Problem to solve | When you reach the line containing "obtain D where" in the records below, start copying exactly, and stop once you have copied the line containing "y) \<le> (INF".

Data in this exercise |
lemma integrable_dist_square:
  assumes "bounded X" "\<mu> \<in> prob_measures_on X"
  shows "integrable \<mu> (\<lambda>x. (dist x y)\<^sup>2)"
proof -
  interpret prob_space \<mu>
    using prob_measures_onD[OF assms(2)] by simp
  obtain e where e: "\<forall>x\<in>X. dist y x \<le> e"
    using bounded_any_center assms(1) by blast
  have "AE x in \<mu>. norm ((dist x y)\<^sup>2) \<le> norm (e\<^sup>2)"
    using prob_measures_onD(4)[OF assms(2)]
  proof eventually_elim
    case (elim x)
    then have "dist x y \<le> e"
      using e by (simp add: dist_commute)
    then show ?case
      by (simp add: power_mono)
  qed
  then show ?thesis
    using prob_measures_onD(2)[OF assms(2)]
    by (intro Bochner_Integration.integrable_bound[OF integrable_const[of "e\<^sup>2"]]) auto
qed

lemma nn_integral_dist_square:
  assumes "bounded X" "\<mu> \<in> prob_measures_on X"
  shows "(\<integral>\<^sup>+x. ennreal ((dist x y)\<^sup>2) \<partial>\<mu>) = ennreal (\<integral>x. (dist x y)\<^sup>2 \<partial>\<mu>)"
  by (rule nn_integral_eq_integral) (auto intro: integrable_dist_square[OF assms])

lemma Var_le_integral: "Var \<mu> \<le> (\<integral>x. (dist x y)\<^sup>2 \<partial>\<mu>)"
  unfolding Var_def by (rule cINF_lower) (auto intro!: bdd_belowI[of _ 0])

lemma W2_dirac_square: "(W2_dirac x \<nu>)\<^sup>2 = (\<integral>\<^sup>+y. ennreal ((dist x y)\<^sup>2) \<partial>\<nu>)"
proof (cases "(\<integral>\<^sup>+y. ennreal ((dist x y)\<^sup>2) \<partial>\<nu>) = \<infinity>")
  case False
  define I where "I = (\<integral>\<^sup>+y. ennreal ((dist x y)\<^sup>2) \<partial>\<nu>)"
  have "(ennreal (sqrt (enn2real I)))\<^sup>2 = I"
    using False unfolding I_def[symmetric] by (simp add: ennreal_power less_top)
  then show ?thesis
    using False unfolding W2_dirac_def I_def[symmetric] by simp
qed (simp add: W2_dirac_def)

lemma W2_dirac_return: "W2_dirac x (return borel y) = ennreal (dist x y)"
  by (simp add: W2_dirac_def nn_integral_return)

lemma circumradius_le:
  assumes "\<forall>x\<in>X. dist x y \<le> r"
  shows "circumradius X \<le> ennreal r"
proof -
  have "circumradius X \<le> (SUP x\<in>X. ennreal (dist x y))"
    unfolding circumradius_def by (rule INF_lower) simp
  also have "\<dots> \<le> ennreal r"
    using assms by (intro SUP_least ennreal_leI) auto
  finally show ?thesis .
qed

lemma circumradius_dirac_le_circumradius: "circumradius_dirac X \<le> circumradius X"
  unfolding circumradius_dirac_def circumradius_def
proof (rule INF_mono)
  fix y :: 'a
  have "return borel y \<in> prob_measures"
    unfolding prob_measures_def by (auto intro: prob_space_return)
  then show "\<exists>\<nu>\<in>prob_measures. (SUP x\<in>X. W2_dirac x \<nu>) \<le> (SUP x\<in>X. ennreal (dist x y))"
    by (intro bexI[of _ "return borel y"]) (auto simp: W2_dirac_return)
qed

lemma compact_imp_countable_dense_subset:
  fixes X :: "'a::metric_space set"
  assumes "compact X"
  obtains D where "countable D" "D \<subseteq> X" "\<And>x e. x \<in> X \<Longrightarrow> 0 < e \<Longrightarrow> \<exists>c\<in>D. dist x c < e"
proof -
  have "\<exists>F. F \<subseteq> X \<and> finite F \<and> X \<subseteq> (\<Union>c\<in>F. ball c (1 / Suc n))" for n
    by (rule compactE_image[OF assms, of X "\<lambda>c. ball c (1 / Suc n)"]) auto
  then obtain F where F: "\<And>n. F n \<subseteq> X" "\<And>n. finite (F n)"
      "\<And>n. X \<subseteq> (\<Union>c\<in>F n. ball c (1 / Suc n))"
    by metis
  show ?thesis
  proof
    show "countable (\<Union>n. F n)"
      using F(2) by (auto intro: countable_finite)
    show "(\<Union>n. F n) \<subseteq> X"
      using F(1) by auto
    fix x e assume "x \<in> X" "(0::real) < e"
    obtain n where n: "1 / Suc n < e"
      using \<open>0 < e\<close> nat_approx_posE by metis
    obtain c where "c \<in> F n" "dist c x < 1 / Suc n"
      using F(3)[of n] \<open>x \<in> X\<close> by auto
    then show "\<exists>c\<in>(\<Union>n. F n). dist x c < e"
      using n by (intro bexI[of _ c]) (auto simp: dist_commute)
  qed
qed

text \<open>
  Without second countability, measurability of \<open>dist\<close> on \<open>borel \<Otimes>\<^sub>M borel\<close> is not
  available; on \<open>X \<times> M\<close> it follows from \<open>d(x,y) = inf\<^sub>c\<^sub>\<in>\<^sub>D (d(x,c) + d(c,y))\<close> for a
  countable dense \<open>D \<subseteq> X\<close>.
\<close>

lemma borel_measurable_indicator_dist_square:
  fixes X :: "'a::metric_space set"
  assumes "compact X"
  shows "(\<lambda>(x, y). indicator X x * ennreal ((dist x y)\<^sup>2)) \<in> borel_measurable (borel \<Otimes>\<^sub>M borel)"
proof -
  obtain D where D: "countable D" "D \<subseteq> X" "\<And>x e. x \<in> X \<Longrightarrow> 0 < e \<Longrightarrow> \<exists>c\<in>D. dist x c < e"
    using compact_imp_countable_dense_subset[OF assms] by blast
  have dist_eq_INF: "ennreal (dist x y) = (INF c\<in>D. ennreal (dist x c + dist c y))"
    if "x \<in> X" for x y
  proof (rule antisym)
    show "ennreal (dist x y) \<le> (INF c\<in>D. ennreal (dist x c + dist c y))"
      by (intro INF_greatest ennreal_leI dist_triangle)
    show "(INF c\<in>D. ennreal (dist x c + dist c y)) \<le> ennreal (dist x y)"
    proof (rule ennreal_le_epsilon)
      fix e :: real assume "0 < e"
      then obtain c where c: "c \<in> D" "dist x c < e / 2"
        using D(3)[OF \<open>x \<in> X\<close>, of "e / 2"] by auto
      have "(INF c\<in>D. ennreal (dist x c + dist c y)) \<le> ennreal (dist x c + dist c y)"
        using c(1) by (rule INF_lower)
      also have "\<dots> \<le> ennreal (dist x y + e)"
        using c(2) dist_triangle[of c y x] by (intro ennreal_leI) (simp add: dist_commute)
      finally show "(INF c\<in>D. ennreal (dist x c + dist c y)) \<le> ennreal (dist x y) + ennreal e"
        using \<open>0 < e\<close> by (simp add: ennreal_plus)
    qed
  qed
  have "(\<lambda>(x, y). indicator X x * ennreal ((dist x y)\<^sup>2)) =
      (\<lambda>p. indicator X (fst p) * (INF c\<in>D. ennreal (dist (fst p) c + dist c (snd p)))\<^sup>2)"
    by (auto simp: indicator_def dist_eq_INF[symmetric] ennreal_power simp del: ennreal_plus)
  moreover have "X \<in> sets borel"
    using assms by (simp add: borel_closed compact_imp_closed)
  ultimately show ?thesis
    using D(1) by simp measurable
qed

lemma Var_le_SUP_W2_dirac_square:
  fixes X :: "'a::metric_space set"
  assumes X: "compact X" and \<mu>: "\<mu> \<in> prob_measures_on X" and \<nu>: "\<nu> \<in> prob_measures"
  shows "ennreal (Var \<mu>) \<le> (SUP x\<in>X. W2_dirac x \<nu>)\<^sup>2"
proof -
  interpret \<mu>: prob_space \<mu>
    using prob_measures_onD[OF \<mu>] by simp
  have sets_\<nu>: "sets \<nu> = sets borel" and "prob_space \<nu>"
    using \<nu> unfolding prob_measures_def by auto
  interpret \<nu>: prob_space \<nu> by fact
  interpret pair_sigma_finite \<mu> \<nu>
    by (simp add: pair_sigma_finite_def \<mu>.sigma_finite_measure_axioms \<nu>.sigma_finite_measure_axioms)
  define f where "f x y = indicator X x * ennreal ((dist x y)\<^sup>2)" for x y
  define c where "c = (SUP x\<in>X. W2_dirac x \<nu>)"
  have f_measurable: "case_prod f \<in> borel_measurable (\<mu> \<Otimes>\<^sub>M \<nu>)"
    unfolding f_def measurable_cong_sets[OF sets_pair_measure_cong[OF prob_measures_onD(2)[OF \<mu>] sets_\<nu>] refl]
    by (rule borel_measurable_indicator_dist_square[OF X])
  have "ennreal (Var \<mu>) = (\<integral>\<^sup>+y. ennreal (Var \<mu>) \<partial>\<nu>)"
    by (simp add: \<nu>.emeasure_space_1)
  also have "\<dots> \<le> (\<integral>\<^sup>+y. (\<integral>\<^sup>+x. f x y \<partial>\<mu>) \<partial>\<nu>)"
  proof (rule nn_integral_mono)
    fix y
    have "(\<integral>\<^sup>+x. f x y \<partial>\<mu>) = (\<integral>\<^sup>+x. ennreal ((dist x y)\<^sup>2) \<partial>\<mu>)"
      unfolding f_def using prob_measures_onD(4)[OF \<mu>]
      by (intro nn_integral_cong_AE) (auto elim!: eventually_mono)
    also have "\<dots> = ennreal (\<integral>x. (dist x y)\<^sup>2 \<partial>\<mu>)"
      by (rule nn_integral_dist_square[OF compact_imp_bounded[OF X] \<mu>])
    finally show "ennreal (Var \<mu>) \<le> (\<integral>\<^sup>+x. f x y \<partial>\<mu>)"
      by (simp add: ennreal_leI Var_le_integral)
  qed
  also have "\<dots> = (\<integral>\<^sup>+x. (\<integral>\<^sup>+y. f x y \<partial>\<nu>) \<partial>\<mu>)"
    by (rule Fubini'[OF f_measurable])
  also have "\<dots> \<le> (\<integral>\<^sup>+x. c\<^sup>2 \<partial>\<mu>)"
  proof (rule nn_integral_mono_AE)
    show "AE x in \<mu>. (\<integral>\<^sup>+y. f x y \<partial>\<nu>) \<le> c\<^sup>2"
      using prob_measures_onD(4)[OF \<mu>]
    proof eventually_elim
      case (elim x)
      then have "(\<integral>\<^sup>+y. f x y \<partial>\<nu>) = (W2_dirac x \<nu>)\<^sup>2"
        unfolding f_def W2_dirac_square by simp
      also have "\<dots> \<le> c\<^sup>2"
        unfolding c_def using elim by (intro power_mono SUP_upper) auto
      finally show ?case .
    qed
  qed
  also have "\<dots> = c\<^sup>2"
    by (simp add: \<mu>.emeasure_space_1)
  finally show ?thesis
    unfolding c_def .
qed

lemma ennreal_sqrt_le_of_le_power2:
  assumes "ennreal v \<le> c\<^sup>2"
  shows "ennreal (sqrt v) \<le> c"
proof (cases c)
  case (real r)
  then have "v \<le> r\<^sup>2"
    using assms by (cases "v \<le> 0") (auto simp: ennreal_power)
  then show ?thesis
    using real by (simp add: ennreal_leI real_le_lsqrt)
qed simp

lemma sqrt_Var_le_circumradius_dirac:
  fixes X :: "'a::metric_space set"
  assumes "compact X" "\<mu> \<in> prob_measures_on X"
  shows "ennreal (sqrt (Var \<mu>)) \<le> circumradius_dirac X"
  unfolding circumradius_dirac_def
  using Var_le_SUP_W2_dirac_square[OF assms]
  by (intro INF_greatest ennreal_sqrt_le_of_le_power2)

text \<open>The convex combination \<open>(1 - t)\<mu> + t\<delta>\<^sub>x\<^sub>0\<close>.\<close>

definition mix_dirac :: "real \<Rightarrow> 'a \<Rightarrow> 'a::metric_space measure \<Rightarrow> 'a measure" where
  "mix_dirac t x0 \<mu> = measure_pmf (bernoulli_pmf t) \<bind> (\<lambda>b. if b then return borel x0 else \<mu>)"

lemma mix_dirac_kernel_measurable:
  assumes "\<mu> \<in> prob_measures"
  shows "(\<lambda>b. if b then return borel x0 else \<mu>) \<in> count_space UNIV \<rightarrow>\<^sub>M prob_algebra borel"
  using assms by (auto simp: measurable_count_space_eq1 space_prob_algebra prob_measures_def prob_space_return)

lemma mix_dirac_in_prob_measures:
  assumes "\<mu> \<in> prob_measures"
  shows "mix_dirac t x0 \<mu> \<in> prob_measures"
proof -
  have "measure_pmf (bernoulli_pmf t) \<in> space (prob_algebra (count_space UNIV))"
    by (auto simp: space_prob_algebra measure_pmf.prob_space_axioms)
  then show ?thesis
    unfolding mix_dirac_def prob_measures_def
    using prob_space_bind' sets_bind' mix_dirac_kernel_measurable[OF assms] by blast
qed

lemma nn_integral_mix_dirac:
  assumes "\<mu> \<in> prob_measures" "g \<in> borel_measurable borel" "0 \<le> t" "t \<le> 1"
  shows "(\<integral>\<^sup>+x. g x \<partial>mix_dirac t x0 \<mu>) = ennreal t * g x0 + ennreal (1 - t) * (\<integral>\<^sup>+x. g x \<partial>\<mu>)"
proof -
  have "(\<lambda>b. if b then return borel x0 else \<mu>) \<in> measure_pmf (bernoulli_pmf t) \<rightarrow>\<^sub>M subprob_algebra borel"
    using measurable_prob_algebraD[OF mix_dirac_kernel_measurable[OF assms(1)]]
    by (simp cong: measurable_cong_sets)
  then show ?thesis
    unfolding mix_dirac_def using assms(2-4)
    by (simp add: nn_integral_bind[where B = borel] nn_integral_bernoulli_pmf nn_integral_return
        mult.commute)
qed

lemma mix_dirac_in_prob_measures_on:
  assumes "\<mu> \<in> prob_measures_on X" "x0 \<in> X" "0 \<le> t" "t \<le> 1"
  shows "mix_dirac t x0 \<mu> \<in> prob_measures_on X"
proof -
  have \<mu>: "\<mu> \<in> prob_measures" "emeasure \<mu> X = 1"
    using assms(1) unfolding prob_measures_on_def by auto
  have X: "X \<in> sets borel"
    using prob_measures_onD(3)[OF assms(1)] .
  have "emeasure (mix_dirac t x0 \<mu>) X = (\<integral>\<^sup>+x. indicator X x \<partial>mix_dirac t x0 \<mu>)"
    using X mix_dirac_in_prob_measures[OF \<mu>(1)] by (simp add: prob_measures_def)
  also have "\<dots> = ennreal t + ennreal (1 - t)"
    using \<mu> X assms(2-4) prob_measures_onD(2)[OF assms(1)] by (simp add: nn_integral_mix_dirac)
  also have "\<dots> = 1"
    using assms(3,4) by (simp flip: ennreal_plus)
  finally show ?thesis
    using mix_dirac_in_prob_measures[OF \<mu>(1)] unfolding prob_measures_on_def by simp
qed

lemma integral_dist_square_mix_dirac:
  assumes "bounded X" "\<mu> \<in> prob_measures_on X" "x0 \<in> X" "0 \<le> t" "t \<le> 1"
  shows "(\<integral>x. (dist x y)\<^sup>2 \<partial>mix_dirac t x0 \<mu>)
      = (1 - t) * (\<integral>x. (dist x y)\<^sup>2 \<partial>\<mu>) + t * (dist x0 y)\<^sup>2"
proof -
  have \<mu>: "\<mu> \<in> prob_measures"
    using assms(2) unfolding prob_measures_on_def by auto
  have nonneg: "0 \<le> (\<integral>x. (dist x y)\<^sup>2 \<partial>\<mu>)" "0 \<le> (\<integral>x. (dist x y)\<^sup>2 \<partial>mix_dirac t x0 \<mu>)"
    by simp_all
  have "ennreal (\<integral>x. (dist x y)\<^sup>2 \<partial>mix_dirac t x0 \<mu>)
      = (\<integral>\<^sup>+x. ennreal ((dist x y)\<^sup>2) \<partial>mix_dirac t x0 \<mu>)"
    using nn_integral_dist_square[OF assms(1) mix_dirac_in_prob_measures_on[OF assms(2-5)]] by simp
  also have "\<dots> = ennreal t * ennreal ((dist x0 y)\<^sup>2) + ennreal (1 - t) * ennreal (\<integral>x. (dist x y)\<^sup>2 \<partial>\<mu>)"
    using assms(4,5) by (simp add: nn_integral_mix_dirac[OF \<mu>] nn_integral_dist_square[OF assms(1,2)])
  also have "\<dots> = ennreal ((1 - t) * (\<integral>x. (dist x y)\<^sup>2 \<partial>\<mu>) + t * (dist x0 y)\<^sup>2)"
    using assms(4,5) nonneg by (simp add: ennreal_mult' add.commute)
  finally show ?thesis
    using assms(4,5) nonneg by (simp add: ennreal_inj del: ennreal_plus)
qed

Expected answer |
  obtain D where D: "countable D" "D \<subseteq> X" "\<And>x e. x \<in> X \<Longrightarrow> 0 < e \<Longrightarrow> \<exists>c\<in>D. dist x c < e"
    using compact_imp_countable_dense_subset[OF assms] by blast
  have dist_eq_INF: "ennreal (dist x y) = (INF c\<in>D. ennreal (dist x c + dist c y))"
    if "x \<in> X" for x y
  proof (rule antisym)
    show "ennreal (dist x y) \<le> (INF c\<in>D. ennreal (dist x c + dist c y))"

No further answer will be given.